*Aim of the exercise*: Find every line in the records below that holds the word "refl", and copy it out.

------ Provided records ------

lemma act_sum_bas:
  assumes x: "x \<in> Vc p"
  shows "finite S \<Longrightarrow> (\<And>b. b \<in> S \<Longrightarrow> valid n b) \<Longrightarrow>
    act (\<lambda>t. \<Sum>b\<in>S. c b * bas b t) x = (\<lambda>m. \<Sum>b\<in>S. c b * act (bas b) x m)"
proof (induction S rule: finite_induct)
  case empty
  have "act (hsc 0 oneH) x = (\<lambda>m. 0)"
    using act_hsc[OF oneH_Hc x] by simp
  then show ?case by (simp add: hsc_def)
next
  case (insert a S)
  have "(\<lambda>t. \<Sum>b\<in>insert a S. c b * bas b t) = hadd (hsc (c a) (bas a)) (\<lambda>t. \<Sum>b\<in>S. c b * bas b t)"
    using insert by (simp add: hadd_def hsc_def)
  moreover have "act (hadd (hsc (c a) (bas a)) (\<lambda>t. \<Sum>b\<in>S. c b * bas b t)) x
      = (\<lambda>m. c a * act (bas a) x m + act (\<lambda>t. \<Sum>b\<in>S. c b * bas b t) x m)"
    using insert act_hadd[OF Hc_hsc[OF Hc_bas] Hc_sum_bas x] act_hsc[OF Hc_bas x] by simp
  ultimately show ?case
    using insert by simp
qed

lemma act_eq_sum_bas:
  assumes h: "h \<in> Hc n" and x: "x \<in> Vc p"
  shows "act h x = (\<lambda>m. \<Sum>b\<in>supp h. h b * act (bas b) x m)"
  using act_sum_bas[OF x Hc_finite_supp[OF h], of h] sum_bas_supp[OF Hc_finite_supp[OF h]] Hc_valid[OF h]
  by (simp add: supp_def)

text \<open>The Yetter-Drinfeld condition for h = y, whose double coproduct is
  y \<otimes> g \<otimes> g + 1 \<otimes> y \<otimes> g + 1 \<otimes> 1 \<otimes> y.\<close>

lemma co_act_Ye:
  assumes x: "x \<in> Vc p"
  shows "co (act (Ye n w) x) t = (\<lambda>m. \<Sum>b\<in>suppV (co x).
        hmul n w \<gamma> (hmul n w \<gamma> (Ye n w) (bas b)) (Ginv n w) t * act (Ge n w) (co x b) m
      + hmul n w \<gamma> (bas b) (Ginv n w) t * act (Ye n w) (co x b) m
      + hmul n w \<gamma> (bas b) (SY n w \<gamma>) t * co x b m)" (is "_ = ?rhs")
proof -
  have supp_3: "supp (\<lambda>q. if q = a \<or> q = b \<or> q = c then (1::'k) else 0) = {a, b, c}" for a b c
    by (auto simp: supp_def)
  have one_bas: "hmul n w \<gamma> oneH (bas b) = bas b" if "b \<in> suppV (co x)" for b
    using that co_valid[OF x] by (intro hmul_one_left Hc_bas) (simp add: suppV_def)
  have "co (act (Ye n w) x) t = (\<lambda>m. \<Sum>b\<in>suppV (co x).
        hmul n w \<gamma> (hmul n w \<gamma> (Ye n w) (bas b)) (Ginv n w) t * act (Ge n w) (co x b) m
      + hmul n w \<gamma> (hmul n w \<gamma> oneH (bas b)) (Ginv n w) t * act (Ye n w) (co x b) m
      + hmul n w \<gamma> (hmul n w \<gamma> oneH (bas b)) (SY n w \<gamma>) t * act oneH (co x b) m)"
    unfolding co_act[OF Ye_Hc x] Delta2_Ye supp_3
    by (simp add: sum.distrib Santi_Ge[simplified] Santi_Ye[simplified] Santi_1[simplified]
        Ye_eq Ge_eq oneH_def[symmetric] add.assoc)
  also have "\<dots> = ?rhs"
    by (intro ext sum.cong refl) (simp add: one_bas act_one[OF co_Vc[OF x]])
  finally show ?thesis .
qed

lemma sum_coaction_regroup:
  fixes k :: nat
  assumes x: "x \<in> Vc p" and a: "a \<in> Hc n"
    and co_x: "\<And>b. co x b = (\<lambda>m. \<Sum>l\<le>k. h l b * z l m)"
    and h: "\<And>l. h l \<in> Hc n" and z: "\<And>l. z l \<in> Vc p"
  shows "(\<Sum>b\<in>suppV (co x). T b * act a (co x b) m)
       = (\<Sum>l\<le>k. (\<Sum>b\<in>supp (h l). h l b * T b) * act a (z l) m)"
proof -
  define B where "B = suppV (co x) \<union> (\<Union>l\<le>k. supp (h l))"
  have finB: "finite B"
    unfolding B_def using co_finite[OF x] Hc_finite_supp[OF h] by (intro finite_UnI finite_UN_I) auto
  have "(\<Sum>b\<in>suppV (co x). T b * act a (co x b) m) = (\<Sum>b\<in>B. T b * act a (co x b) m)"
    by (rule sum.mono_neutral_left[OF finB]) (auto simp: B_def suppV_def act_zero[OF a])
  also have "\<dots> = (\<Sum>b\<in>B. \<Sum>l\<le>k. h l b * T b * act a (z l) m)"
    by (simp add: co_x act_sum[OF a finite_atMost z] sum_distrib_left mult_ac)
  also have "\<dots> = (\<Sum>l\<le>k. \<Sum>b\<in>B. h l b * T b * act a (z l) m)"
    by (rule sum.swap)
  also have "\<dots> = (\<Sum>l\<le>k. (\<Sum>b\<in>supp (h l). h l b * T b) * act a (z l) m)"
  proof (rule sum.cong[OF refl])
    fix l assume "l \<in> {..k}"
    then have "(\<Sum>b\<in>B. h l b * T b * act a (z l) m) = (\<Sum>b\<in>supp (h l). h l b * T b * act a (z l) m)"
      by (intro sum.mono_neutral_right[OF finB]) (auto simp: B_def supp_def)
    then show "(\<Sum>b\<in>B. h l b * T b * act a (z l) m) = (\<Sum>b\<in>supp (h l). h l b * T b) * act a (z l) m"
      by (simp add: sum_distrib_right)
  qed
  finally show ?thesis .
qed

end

------
------ Provided records ------

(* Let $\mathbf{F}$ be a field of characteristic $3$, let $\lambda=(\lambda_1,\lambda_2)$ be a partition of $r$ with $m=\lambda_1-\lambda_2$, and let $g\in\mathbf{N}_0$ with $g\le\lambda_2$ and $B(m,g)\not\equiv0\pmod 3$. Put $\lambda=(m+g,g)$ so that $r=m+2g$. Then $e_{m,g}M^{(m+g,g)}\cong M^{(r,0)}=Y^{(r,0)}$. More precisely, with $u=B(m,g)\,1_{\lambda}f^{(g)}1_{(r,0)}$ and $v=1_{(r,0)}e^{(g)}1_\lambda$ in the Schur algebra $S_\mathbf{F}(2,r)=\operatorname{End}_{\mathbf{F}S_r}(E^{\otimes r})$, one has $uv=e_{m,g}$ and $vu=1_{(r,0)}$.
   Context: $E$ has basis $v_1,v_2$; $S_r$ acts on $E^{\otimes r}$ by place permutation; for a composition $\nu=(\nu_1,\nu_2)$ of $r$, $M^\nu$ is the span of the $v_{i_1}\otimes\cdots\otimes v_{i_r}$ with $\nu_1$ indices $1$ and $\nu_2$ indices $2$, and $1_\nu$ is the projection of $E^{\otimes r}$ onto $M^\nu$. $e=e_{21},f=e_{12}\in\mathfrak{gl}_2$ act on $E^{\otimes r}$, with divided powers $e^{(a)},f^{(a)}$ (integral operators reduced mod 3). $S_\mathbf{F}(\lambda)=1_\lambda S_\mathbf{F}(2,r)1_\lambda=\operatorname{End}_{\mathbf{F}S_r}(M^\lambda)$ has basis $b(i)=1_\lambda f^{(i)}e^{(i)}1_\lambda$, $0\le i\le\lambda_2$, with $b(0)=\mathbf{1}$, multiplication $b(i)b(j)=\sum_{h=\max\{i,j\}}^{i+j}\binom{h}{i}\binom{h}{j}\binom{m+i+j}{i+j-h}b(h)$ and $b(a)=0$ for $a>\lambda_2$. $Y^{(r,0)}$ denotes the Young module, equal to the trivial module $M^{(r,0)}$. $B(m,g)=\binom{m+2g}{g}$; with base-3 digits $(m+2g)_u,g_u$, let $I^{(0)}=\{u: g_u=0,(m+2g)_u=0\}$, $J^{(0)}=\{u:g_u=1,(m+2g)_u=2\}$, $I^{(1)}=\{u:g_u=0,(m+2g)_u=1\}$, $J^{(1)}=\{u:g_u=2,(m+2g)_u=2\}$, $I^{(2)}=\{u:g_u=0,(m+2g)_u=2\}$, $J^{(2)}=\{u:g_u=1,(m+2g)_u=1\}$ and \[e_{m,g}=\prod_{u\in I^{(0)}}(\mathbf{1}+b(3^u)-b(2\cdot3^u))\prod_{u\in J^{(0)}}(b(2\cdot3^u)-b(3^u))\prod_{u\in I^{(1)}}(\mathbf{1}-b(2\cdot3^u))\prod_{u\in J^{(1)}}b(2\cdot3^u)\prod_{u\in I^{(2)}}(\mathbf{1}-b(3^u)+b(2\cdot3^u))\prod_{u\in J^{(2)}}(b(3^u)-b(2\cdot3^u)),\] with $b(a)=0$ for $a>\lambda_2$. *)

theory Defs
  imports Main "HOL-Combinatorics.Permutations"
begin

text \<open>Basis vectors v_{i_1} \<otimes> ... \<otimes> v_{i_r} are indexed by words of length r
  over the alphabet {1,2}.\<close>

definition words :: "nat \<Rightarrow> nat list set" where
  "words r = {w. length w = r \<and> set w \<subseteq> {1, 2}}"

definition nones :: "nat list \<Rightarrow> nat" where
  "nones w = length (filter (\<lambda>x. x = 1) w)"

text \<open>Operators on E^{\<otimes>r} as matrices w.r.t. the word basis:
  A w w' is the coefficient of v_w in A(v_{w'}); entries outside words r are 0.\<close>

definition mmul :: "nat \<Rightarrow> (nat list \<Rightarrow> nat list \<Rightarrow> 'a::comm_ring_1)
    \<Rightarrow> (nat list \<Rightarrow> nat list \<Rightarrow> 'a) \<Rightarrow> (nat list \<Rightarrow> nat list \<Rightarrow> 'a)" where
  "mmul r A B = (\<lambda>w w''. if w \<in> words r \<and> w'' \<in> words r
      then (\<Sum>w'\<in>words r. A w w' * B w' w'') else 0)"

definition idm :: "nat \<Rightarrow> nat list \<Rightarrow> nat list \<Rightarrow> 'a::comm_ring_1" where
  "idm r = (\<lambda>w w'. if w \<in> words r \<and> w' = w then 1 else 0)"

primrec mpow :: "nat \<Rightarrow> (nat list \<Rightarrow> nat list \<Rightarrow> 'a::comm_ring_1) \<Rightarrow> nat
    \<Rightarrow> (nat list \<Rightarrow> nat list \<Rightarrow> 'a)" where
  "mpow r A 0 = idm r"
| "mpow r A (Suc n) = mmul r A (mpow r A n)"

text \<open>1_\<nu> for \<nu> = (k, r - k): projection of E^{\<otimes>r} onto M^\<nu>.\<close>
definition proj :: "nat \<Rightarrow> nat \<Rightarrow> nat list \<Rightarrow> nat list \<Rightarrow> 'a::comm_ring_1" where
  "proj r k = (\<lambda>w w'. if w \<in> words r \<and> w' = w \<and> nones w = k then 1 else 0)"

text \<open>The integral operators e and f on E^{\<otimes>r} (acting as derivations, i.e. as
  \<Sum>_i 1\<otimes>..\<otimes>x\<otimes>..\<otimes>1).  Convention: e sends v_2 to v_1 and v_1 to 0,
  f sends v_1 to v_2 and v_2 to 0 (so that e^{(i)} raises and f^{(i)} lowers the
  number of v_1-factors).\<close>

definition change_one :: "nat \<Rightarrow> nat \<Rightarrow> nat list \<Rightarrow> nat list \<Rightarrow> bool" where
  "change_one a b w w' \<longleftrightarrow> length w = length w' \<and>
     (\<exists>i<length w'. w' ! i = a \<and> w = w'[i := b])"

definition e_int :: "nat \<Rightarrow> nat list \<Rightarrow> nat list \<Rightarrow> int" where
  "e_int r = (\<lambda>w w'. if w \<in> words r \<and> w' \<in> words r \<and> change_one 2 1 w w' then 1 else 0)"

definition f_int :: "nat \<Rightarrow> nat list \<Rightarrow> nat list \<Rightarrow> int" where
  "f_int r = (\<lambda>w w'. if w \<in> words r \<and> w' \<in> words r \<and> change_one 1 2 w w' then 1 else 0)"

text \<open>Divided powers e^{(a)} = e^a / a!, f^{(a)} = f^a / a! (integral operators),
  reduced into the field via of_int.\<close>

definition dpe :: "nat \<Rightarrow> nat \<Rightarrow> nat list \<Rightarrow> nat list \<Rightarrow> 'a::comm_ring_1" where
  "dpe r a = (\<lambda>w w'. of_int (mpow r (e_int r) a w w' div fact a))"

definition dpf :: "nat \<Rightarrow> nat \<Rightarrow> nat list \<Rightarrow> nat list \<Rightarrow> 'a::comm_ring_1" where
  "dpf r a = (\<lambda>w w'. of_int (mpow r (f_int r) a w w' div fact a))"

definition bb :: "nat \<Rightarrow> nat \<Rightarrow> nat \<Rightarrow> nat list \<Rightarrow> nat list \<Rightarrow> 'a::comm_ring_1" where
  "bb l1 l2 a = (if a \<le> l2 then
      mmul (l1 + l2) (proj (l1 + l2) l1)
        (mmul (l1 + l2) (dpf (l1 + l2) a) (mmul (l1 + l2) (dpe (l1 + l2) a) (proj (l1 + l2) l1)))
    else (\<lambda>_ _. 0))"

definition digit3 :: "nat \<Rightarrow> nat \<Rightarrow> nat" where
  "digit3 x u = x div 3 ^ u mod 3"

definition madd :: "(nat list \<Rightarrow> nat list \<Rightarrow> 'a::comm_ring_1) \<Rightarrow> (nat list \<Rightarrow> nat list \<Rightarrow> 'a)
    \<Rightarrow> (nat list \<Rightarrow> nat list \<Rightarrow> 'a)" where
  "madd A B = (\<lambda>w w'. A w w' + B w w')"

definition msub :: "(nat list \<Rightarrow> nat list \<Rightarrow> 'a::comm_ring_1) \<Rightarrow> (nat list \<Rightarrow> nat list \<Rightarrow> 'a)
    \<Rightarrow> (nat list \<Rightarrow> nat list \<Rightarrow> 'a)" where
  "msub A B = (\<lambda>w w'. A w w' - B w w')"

------
------ Provided records ------

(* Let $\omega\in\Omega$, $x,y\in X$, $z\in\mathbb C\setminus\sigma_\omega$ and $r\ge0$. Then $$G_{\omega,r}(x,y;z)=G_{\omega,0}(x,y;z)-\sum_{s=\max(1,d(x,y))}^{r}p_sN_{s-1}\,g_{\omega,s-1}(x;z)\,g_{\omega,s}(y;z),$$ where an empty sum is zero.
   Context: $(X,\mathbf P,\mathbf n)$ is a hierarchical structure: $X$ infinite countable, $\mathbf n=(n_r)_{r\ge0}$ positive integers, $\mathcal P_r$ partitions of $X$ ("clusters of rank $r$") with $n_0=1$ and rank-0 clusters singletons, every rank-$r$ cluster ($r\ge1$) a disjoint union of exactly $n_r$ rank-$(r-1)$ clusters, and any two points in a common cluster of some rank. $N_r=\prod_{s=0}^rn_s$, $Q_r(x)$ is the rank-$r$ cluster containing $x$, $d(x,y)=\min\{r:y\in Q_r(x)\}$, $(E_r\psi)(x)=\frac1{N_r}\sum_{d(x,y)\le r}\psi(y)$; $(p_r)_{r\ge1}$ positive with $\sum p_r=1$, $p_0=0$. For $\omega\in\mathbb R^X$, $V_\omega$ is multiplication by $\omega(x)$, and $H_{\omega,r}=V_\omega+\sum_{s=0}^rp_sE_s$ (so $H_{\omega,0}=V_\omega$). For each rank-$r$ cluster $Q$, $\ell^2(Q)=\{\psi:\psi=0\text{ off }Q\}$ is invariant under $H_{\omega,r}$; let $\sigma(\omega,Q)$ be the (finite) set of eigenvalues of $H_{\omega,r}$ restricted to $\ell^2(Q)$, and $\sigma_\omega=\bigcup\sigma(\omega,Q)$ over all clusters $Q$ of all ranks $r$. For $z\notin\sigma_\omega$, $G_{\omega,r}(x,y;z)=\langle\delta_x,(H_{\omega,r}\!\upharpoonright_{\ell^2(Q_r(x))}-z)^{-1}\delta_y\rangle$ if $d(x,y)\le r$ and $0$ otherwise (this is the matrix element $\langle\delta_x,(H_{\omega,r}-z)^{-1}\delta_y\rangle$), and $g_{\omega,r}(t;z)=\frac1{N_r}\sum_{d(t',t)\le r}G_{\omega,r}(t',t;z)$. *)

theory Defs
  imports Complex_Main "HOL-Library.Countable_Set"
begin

------

*Task answer*:
    by (intro ext sum.cong refl) (simp add: one_bas act_one[OF co_Vc[OF x]])
  proof (rule sum.cong[OF refl])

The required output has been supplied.